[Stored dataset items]
lemma learning_rate_eqs:
  fixes L T :: real
  assumes "0 < L" "0 < T"
  shows "L / sqrt (L / T) = sqrt (L / T) * T" "1 / sqrt (L / T) = T * sqrt (1 / (T * L))"
proof -
  have "(sqrt (L / T))^2 = L / T" using assms by simp
  then show "L / sqrt (L / T) = sqrt (L / T) * T"
    using assms by (simp add: field_simps power2_eq_square)
  have "sqrt (L / T) * sqrt (1 / (T * L)) = sqrt ((1 / T)^2)"
    using assms by (simp add: field_simps power2_eq_square flip: real_sqrt_mult)
  also have "\<dots> = 1 / T"
    using assms by simp
  finally show "1 / sqrt (L / T) = T * sqrt (1 / (T * L))"
    using assms by (simp add: field_simps)
qed

locale exaul_run =
  fixes N :: nat and lam alpha eta gam :: real and adv :: "real list \<Rightarrow> real \<times> real"
  assumes N_ge_2: "2 \<le> N" and lam_nonneg: "0 \<le> lam"
    and alpha_nonneg: "0 \<le> alpha" and alpha_le_one: "alpha \<le> 1"
    and eta_eq: "eta = 2 * gam" and gam_pos: "0 < gam"
    and score_range: "\<And>hs. 0 \<le> fst (adv hs) \<and> fst (adv hs) < 1"
    and feedback_range: "\<And>hs. 0 \<le> snd (adv hs) \<and> snd (adv hs) \<le> 1"
begin

abbreviation p :: "nat list \<Rightarrow> nat \<Rightarrow> real" where
  "p h \<equiv> exaul_p N lam alpha eta gam adv h"

abbreviation score :: "nat list \<Rightarrow> real" where
  "score h \<equiv> fst (adv (map (grid N) h))"

abbreviation feedback :: "nat list \<Rightarrow> real" where
  "feedback h \<equiv> snd (adv (map (grid N) h))"

abbreviation loss :: "nat list \<Rightarrow> nat \<Rightarrow> real" where
  "loss h k \<equiv> tot_loss lam alpha (score h) (feedback h) (grid N k)"

abbreviation est :: "nat list \<Rightarrow> nat \<Rightarrow> nat \<Rightarrow> real" where
  "est h k i \<equiv> est_loss N lam alpha gam (p h) (score h) (feedback h) k i"

abbreviation overhead :: "nat list \<Rightarrow> nat \<Rightarrow> real" where
  "overhead h k \<equiv> 2 * gam * loss h k / (gam + (\<Sum>kb\<in>unlocked N (score h) k. p h kb))"

definition cum_est :: "nat list \<Rightarrow> nat \<Rightarrow> real" where
  "cum_est h = cumloss_rev N lam alpha eta gam adv (rev h)"

definition potential :: "nat list \<Rightarrow> real" where
  "potential h = ln (\<Sum>i<N. exp (- eta * cum_est h i))"

lemma eta_pos: "0 < eta"
  using eta_eq gam_pos by simp

lemma p_eq: "p h = expw N eta (cum_est h)"
  by (simp add: exaul_p_def cum_est_def)

lemma round_at: "exaul_round N (p h) (score h) (feedback h) lam alpha gam"
  unfolding exaul_round_def p_eq
  using N_ge_2 expw_pos sum_expw score_range feedback_range lam_nonneg alpha_nonneg
    alpha_le_one gam_pos
  by auto

lemma sampling_kernel: "sampling_kernel N p"
  unfolding sampling_kernel_def p_eq
  using N_ge_2 expw_pos sum_expw by (auto intro: less_imp_le)

lemma cum_est_snoc: "cum_est (h @ [k]) = (\<lambda>i. cum_est h i + est h k i)"
  by (simp add: cum_est_def exaul_p_def Let_def)

lemma cum_est_eq_path_sum: "cum_est hs j = path_sum (\<lambda>h k. est h k j) hs"
  by (induction hs rule: rev_induct) (simp_all add: cum_est_snoc, simp add: cum_est_def)

lemma potential_Nil: "potential [] = ln N"
  by (simp add: potential_def cum_est_def)

lemma potential_snoc:
  "k < N \<Longrightarrow> potential (h @ [k]) \<le> potential h - eta * loss h k + eta * overhead h k"
  using exaul_round.log_weight_step[OF round_at p_eq eta_eq]
  by (simp add: potential_def cum_est_snoc)

lemma potential_ge:
  assumes "j < N"
  shows "- eta * cum_est hs j \<le> potential hs"
proof -
  have "exp (- eta * cum_est hs j) \<le> (\<Sum>i<N. exp (- eta * cum_est hs i))"
    using assms by (intro member_le_sum) auto
  then have "ln (exp (- eta * cum_est hs j)) \<le> potential hs"
    unfolding potential_def by (rule ln_mono) simp
  then show ?thesis by simp
qed

lemma learner_loss_le:
  assumes "set hs \<subseteq> {..<N}" "j < N"
  shows "path_sum loss hs \<le> ln N / eta + path_sum (\<lambda>h k. est h k j) hs + path_sum overhead hs"
proof -
  have "potential hs \<le> ln N - eta * path_sum loss hs + eta * path_sum overhead hs"
    using assms(1)
  proof (induction hs rule: rev_induct)
    case (snoc k h)
    then show ?case using potential_snoc[of k h] by (simp add: algebra_simps)
  qed (simp add: potential_Nil)
  then have "eta * path_sum loss hs \<le> eta * (ln N / eta + cum_est hs j + path_sum overhead hs)"
    using potential_ge[OF assms(2), of hs] eta_pos by (simp add: algebra_simps)
  then show ?thesis
    using eta_pos by (simp add: cum_est_eq_path_sum)
qed

text \<open>Index \<open>N - 1\<close> is the threshold 1, which abstains on every score.\<close>

definition comparator_dev :: "nat list \<Rightarrow> real" where
  "comparator_dev = path_sum (\<lambda>h k. 2 * gam * (est h k (N - 1) - loss h (N - 1)))"

definition overhead_dev :: "nat list \<Rightarrow> real" where
  "overhead_dev = path_sum (\<lambda>h k. overhead h k - 4 * gam)"

lemma exp_supermartingale_comparator_dev: "exp_supermartingale N p comparator_dev"
  using exaul_round.est_loss_exp_moment[OF round_at, of "N - 1"] N_ge_2
  by (simp add: exp_supermartingale_def comparator_dev_def)

lemma exp_supermartingale_overhead_dev: "exp_supermartingale N p overhead_dev"
  using exaul_round.overhead_exp_moment[OF round_at]
  by (simp add: exp_supermartingale_def overhead_dev_def)

lemma loss_regret_le:
  assumes "set hs \<subseteq> {..<N}" "comparator_dev hs \<le> c" "overhead_dev hs \<le> c"
  shows "path_sum loss hs - path_sum (\<lambda>h k. loss h (N - 1)) hs
    \<le> ln N / eta + 2 * eta * length hs + c + c / eta"
proof -
  have "eta * (path_sum (\<lambda>h k. est h k (N - 1)) hs - path_sum (\<lambda>h k. loss h (N - 1)) hs) \<le> c"
    using assms(2)
    by (simp add: comparator_dev_def path_sum_def sum_subtractf sum_distrib_left
        right_diff_distrib flip: eta_eq)
  then have "path_sum (\<lambda>h k. est h k (N - 1)) hs \<le> path_sum (\<lambda>h k. loss h (N - 1)) hs + c / eta"
    using eta_pos by (simp add: field_simps)
  moreover have "path_sum overhead hs - length hs * (4 * gam) \<le> c"
    using assms(3) by (simp add: overhead_dev_def path_sum_def sum_subtractf)
  moreover have "path_sum loss hs
      \<le> ln N / eta + path_sum (\<lambda>h k. est h k (N - 1)) hs + path_sum overhead hs"
    using N_ge_2 by (intro learner_loss_le[OF assms(1)]) simp
  moreover have "length hs * (4 * gam) = 2 * eta * length hs"
    using eta_eq by simp
  ultimately show ?thesis by linarith
qed

lemma fdr_regret_eq:
  assumes "hs \<noteq> []" "0 < lam"
  defines "T \<equiv> real (length hs)"
  shows "fdr_regret N alpha adv hs / T = (1 - ineff N adv hs) / lam
    + (1 + 1 / lam) * ((path_sum loss hs - path_sum (\<lambda>h k. loss h (N - 1)) hs) / T)"
proof -
  define D where "D = path_sum loss hs - path_sum (\<lambda>h k. loss h (N - 1)) hs"
  have T: "0 < T" using assms by (simp add: T_def)
  let ?ans = "\<lambda>t. if grid N (hs ! t) \<le> score (take t hs) then 1 else 0"
  have "(1 + lam) * D
      = (\<Sum>t<length hs. (1 + lam) * (loss (take t hs) (hs ! t) - loss (take t hs) (N - 1)))"
    by (simp add: D_def path_sum_def right_diff_distrib sum_distrib_left sum_subtractf)
  also have "\<dots> = (\<Sum>t<length hs. (if score (take t hs) < grid N (hs ! t) then 1 else 0) - 1
      + lam * (?ans t * feedback (take t hs) - alpha * ?ans t))"
    using tot_loss_minus_abstain score_range lam_nonneg grid_last[OF N_ge_2]
    by (intro sum.cong) (simp_all add: abst_loss_def)
  also have "\<dots> = ineff N adv hs * T - T + lam * fdr_regret N alpha adv hs"
    using T by (simp add: ineff_def fdr_regret_def Let_def T_def sum.distrib sum_subtractf
        sum_distrib_left right_diff_distrib)
  finally have "lam * fdr_regret N alpha adv hs = T - ineff N adv hs * T + (1 + lam) * D"
    by linarith
  then have R: "fdr_regret N alpha adv hs = (T - ineff N adv hs * T + (1 + lam) * D) / lam"
    using assms(2) by (metis nonzero_mult_div_cancel_left less_irrefl)
  show ?thesis
    unfolding R D_def[symmetric] using T assms(2) by (simp add: field_simps)
qed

DESCRIPTION OF THE TASK:
Reproduce the entries above exactly, but only the lines between the line holding "then show ?thesis by simp" and the line holding "case (snoc k h)", inclusive.

ANSWER TO THE PROBLEM:
  then show ?thesis by simp
qed

lemma learner_loss_le:
  assumes "set hs \<subseteq> {..<N}" "j < N"
  shows "path_sum loss hs \<le> ln N / eta + path_sum (\<lambda>h k. est h k j) hs + path_sum overhead hs"
proof -
  have "potential hs \<le> ln N - eta * path_sum loss hs + eta * path_sum overhead hs"
    using assms(1)
  proof (induction hs rule: rev_induct)
    case (snoc k h)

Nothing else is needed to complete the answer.